Why do you interpret that as insulting to women merely on the basis of being
*female*?

Wearing panties/knickers is something anyone can do, of any gender and
sexual orientation. "Panties in a bunch" (or "knickers in a twist") is a
put-down on the basis of excessive sensitivity, not femaleness.
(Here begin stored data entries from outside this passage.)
lemma span_trunc_normal_eq_UNIV:
  assumes v: "v extreme_point_of P" and c: "c \<in> T v"
    and ij: "(i,j) \<in> \<Gamma>" "i \<in> T v" "j \<in> T v" "i = c \<or> j = c"
    and A: "Inl ` (T v - {c}) \<union> {Inr (i,j)} \<subseteq> A"
  shows "span (trunc_normal ` A) = UNIV"
proof -
  have "a k \<in> span (trunc_normal ` A)" if "k \<in> T v" for k
  proof (cases "k = c")
    case False
    then have "trunc_normal (Inl k) \<in> trunc_normal ` A" using A that by auto
    then show ?thesis by (auto simp: trunc_normal_def intro: span_base)
  next
    case True
    define r where "r = (if i = c then j else i)"
    have "r \<in> T v - {c}" using ij \<Gamma>_bounds(1)[OF ij(1)] by (auto simp: r_def)
    then have "trunc_normal (Inr (i,j)) - trunc_normal (Inl r) \<in> span (trunc_normal ` A)"
      using A by (intro span_diff span_base) auto
    moreover have "trunc_normal (Inr (i,j)) - trunc_normal (Inl r) = a k"
      using True ij(4) by (auto simp: trunc_normal_def r_def)
    ultimately show ?thesis by simp
  qed
  then have "span (a ` T v) \<subseteq> span (trunc_normal ` A)" by (simp add: image_subset_iff span_minimal)
  then show ?thesis using span_T_vertex[OF v] by auto
qed

lemma eventually_not_simple_if_valency_2:
  assumes v: "v extreme_point_of P" and valency_2: "valency a b P \<Gamma> v = 2"
  shows "eventually (\<lambda>e. \<not> simple_polytope (graph_trunc a b P \<Gamma> e)) (at_right 0)"
proof -
  have vP: "v \<in> P" using v by (simp add: extreme_point_of_def)
  define G where "G = {(i,j)\<in>\<Gamma>. i \<in> T v \<and> j \<in> T v}"
  have G2: "card G = 2" using valency_2 valency_eq_card_edges_within[OF vP] by (simp add: G_def)
  have "finite G" using finite_\<Gamma> unfolding G_def by (rule rev_finite_subset) auto
  obtain c where c: "c \<in> T v" "\<forall>(i,j)\<in>\<Gamma>. i \<in> T v \<longrightarrow> j \<in> T v \<longrightarrow> i = c \<or> j = c"
    using two_edges_within_triple_share_vertex[OF finite_active card_T_vertex[OF v]] \<Gamma>_bounds(1) G2
    unfolding G_def by blast
  obtain d where d: "a c \<bullet> d = 1" "\<forall>k\<in>T v - {c}. a k \<bullet> d = 0"
    using exists_dual_vector[OF span_T_vertex[OF v] finite_active _ c(1)] card_T_vertex[OF v] by auto
  obtain i j where ij: "(i,j) \<in> G"
    using G2 by (metis card.empty ex_in_conv prod.exhaust zero_neq_numeral)
  have "\<forall>l\<in>{..<m} - T v. eventually (\<lambda>e. e * (\<bar>a l \<bullet> d\<bar> + 1) < y l v) (at_right 0)"
    using vP by (auto intro!: eventually_at_right_0_mult_less simp: mem_P mem_T le_less)
  then have "eventually (\<lambda>e. \<forall>l\<in>{..<m} - T v. e * (\<bar>a l \<bullet> d\<bar> + 1) < y l v) (at_right 0)"
    by (intro eventually_ball_finite) auto
  then have "eventually (\<lambda>e. 0 < e \<and> facet_defining trunc_index trunc_normal (trunc_offset e) \<and>
      (\<forall>l\<in>{..<m} - T v. e * (\<bar>a l \<bullet> d\<bar> + 1) < y l v)) (at_right 0)"
    by (intro eventually_conj eventually_at_right_less eventually_facet_defining_Q)
  then show ?thesis
  proof (rule eventually_mono)
    fix e assume e: "0 < e \<and> facet_defining trunc_index trunc_normal (trunc_offset e) \<and>
      (\<forall>l\<in>{..<m} - T v. e * (\<bar>a l \<bullet> d\<bar> + 1) < y l v)"
    let ?u = "v + e *\<^sub>R d"
    have u: "?u \<in> Q e" "Inl ` (T v - {c}) \<union> Inr ` G \<subseteq> TQ e ?u"
      using shifted_vertex_in_Q[OF vP c d] e unfolding G_def by auto
    have "span (trunc_normal ` TQ e ?u) = UNIV"
      using u(2) ij c by (intro span_trunc_normal_eq_UNIV[OF v c(1), of i j]) (auto simp: G_def)
    then have u_vertex: "?u extreme_point_of Q e" by (rule extreme_point_if_span_active[OF u(1)])
    have "card (Inl ` (T v - {c}) \<union> Inr ` G) = 4"
      using G2 \<open>finite G\<close> card_T_vertex[OF v] c(1) finite_active[of "{..<m}" a b v]
      by (subst card_Un_disjoint) (auto simp: card_image)
    then have "4 \<le> card (TQ e ?u)"
      using u(2) card_mono[OF finite_active[OF finite_trunc_index]] by metis
    then show "\<not> simple_polytope (graph_trunc a b P \<Gamma> e)"
      unfolding graph_trunc_eq
      using simple_polytope_polyhedron_of_iff[OF finite_trunc_index _ bounded_Q] e u_vertex by force
  qed
qed
lemma mobius_coadd_add_eq_chord_map:
  assumes c: "c > 0" and C: "norm C < c" and x: "norm x < c"
  shows "mobius_coadd c C (mobius_add c C x) = chord_map c C x"
proof -
  have c0: "c \<noteq> 0" using c by simp
  define A X Q where "A = ball_inner c C C" and "X = ball_inner c x x" and "Q = ball_inner c C x"
  define d where "d = mobius_denom c C x"
  have dd: "d = 1 + 2*Q + A*X"
    unfolding d_def mobius_denom_def A_def X_def Q_def ..
  have d0: "d \<noteq> 0"
    unfolding d_def using mobius_denom_pos[OF c C, of x] x by simp
  have A1: "1 - A \<noteq> 0"
    using ball_inner_self_less_1[OF c C] by (simp add: A_def)
  have q: "1 + A + 2*Q \<noteq> 0"
    using chord_map_denom_pos[OF c C, of x] x by (simp add: A_def Q_def)
  define b where "b = mobius_add c C x"
  have bn: "norm b < c"
    unfolding b_def by (rule norm_mobius_add_less[OF c C x])
  have B: "ball_inner c b b = 1 - (1-A)*(1-X)/d"
    unfolding b_def d_def A_def X_def by (rule ball_inner_mobius_add[OF c0]) (use d0 d_def in simp)
  have b: "b = ((1 + 2*Q + X)/d) *\<^sub>R C + ((1-A)/d) *\<^sub>R x"
    unfolding b_def mobius_add_eq[OF c0] d_def A_def X_def Q_def ..
  note coeffs = coadd_add_coeffs[OF dd d0 A1 B q]
  have "mobius_coadd c C b
    = ((1 - ball_inner c b b) / (1 - A * ball_inner c b b)) *\<^sub>R C
      + ((1 - A) / (1 - A * ball_inner c b b)) *\<^sub>R b"
    unfolding A_def by (rule mobius_coadd_eq[OF c C bn])
  also have "\<dots> = ((1 - ball_inner c b b) / (1 - A * ball_inner c b b)
        + (1 - A) / (1 - A * ball_inner c b b) * ((1 + 2*Q + X)/d)) *\<^sub>R C
      + ((1 - A) / (1 - A * ball_inner c b b) * ((1-A)/d)) *\<^sub>R x"
    unfolding b scaleR_combination_collect ..
  also have "\<dots> = chord_map c C x"
    unfolding chord_map_def A_def[symmetric] Q_def[symmetric] coeffs ..
  finally show ?thesis
    unfolding b_def .
qed

lemma coadd_double_coeffs:
  fixes A V Q d DD :: real
  assumes dd: "d = 1 + 2*Q + A*V" and dnz: "d \<noteq> 0" and V1: "1 + V \<noteq> 0"
    and DD: "DD = 1 - (1-A)*(1-V)/d"
    and q: "1 + A + 2*(2/(1+V)*Q) \<noteq> 0"
  shows "2/(1+DD) * ((1+2*Q+V)/d) = (2 + 2*(2/(1+V)*Q))/(1 + A + 2*(2/(1+V)*Q))"
    and "2/(1+DD) * ((1-A)/d) = (1-A)/(1 + A + 2*(2/(1+V)*Q)) * (2/(1+V))"
proof -
  define z w where "z = (1+A)*(1+V) + 4*Q" and "w = 1 + V"
  have wn: "w \<noteq> 0" using V1 w_def by simp
  have n: "1 + DD = z/d"
    using dnz by (simp add: DD z_def field_simps; use dd in algebra)
  have q': "1 + A + 2*(2/(1+V)*Q) = z/w"
    unfolding w_def[symmetric] using wn by (simp add: field_simps; use z_def w_def in algebra)
  have zn: "z \<noteq> 0" using q q' by auto
  have e: "2/(1+DD) = 2*d/z" unfolding n using dnz by simp
  have f: "2 + 2*(2/(1+V)*Q) = (2*w + 4*Q)/w"
    unfolding w_def[symmetric] using wn by (simp add: field_simps)
  show "2/(1+DD) * ((1+2*Q+V)/d) = (2 + 2*(2/(1+V)*Q))/(1 + A + 2*(2/(1+V)*Q))"
    unfolding e q' f using dnz zn wn by (simp add: field_simps; use w_def in algebra)
  show "2/(1+DD) * ((1-A)/d) = (1-A)/(1 + A + 2*(2/(1+V)*Q)) * (2/(1+V))"
    unfolding e q' unfolding w_def[symmetric] using dnz zn wn by (simp add: field_simps)
qed
lemma eventually_P_eq_at_right:
  assumes "1 \<le> \<alpha>"
  shows "eventually (\<lambda>\<beta>. P \<beta> = P \<alpha>) (at_right \<alpha>)"
proof -
  let ?p = "P \<alpha>" and ?j = "rule_index False \<alpha> (P \<alpha>)"
  have rule: "follows_rule False \<alpha> ?p"
    using P_follows_rule[OF assms] .
  have sel: "selects False \<alpha> ?p k (?j k)" if "1 \<le> k" for k
    using follows_rule_step(1)[OF rule _ that] assms by simp
  have "0 < 1 * real (?p k) + - \<alpha> * real (?p (?j k - 1))" if "1 \<le> k" for k
    using sel[OF that] by (simp add: selects_def covered_def)
  then have "eventually (\<lambda>\<beta>. \<forall>k\<ge>1. 0 < 1 * real (?p k) + - \<beta> * real (?p (?j k - 1))) (at_right \<alpha>)"
    by (intro eventually_pos_rule_index_combination[OF rule assms] tendsto_intros)
  moreover have "eventually (\<lambda>\<beta>. \<alpha> < \<beta>) (at_right \<alpha>)"
    by (rule eventually_at_right_less)
  ultimately show ?thesis
  proof eventually_elim
    case (elim \<beta>)
    have "follows_rule False \<beta> ?p"
    proof (rule follows_rule_transfer[OF rule])
      fix k :: nat
      assume "1 \<le> k"
      have "real (?p k) \<le> \<alpha> * real (?p (?j k))"
        using sel[OF \<open>1 \<le> k\<close>] by (simp add: selects_def covered_def)
      also have "\<dots> \<le> \<beta> * real (?p (?j k))"
        using elim by (simp add: mult_right_mono)
      moreover have "\<beta> * real (?p (?j k - 1)) < real (?p k)"
        using elim(1) \<open>1 \<le> k\<close> by simp
      ultimately show "selects False \<beta> ?p k (?j k)"
        using sel[OF \<open>1 \<le> k\<close>] by (auto simp: selects_def covered_def)
    qed (use assms in simp)
    then show "P \<beta> = P \<alpha>"
      using P_eqI elim assms by simp
  qed
qed

lemma eventually_P_eq_at_left:
  assumes "1 < \<alpha>"
  shows "eventually (\<lambda>\<beta>. P \<beta> = rule_seq True \<alpha>) (at_left \<alpha>)"
proof -
  let ?p = "rule_seq True \<alpha>" and ?j = "rule_index True \<alpha> (rule_seq True \<alpha>)"
  have rule: "follows_rule True \<alpha> ?p"
    using rule_seq_follows_rule assms by simp
  have sel: "selects True \<alpha> ?p k (?j k)" if "1 \<le> k" for k
    using follows_rule_step(1)[OF rule _ that] assms by simp
  have "0 < - 1 * real (?p k) + \<alpha> * real (?p (?j k - 0))" if "1 \<le> k" for k
    using sel[OF that] by (simp add: selects_def covered_def)
  then have "eventually (\<lambda>\<beta>. \<forall>k\<ge>1. 0 < - 1 * real (?p k) + \<beta> * real (?p (?j k - 0))) (at_left \<alpha>)"
    using assms by (intro eventually_pos_rule_index_combination[OF rule] tendsto_intros) auto
  moreover have "eventually (\<lambda>\<beta>. 1 < \<beta> \<and> \<beta> < \<alpha>) (at_left \<alpha>)"
    by (rule eventually_at_leftI[OF _ assms]) simp
  ultimately show ?thesis
  proof eventually_elim
    case (elim \<beta>)
    have "follows_rule False \<beta> ?p"
    proof (rule follows_rule_transfer[OF rule])
      fix k :: nat
      assume "1 \<le> k"
      have "\<alpha> * real (?p (?j k - 1)) \<le> real (?p k)"
        using sel[OF \<open>1 \<le> k\<close>] by (simp add: selects_def covered_def)
      moreover have "0 < ?p k"
        using follows_rule_pos[OF rule \<open>1 \<le> k\<close>] by simp
      ultimately have "\<beta> * real (?p (?j k - 1)) < real (?p k)"
      proof (cases "?p (?j k - 1) = 0")
        case False
        then have "\<beta> * real (?p (?j k - 1)) < \<alpha> * real (?p (?j k - 1))"
          using elim by (simp add: mult_strict_right_mono)
        with \<open>\<alpha> * real (?p (?j k - 1)) \<le> real (?p k)\<close> show ?thesis
          by linarith
      qed simp
      moreover have "real (?p k) < \<beta> * real (?p (?j k))"
        using elim(1) \<open>1 \<le> k\<close> by simp
      ultimately show "selects False \<beta> ?p k (?j k)"
        using sel[OF \<open>1 \<le> k\<close>] by (auto simp: selects_def covered_def)
    qed (use assms in simp)
    then show "P \<beta> = ?p"
      using P_eqI elim by simp
  qed
qed

subsection \<open>Cutoffs are isolated\<close>

lemma eventually_not_cutoff_at_right: "eventually (\<lambda>y. \<not> cutoff y) (at_right x)"
proof (cases "1 \<le> x")
  case True
  have "eventually (\<lambda>y. P y = P x \<and> x < y) (at_right x)"
    using eventually_P_eq_at_right[OF True] eventually_at_right_less by (rule eventually_conj)
  then show ?thesis
    by eventually_elim (use True in \<open>auto simp: cutoff_def\<close>)
next
  case False
  then have "eventually (\<lambda>y. y < 1) (at_right x)"
    by (intro eventually_at_rightI[of x 1]) auto
  then show ?thesis
    by eventually_elim (auto simp: cutoff_def)
qed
It seems to me that far from challenging sexual stereotypes, mainstream
feminist thought actually *reinforces* it: as evidence, you assumed that
only women wear panties, therefore any reference to panty-wearing is
therefore a slur on women.

It's only gender specific if you accept the sexist gendered stereotype that
all women are by definition thin-skinned and excessively sensitive. The
women I know are nothing like that, and consequently most of them are quite
happy to use "knickers in a twist" as a *non-gendered* put-down on the
basis of perceived behaviour, not sex.

It seems to my wife, and I agree with her, that mainstream feminism has lost
its way and is no longer about gender equality, but is now about enforcing
a neo-Victorian pseudo-politeness where nobody ever has to be exposed to
anything uncomfortable or that threatens to disturb them out of their
comfort zone. Hence the focus on codes of conduct, so-called "safe places",
trigger warnings and the like. Once upon a time, a safe place meant
somewhere where a battered woman could take shelter from her batterer. Now,
it apparently means a way to ostracise an actor for his personal religious
beliefs. (I'm referring to the Internet storm-in-a-teacup over Adam Baldwin
at Supanova.)

I do not buy into that philosophy, and neither do most of the woman I know.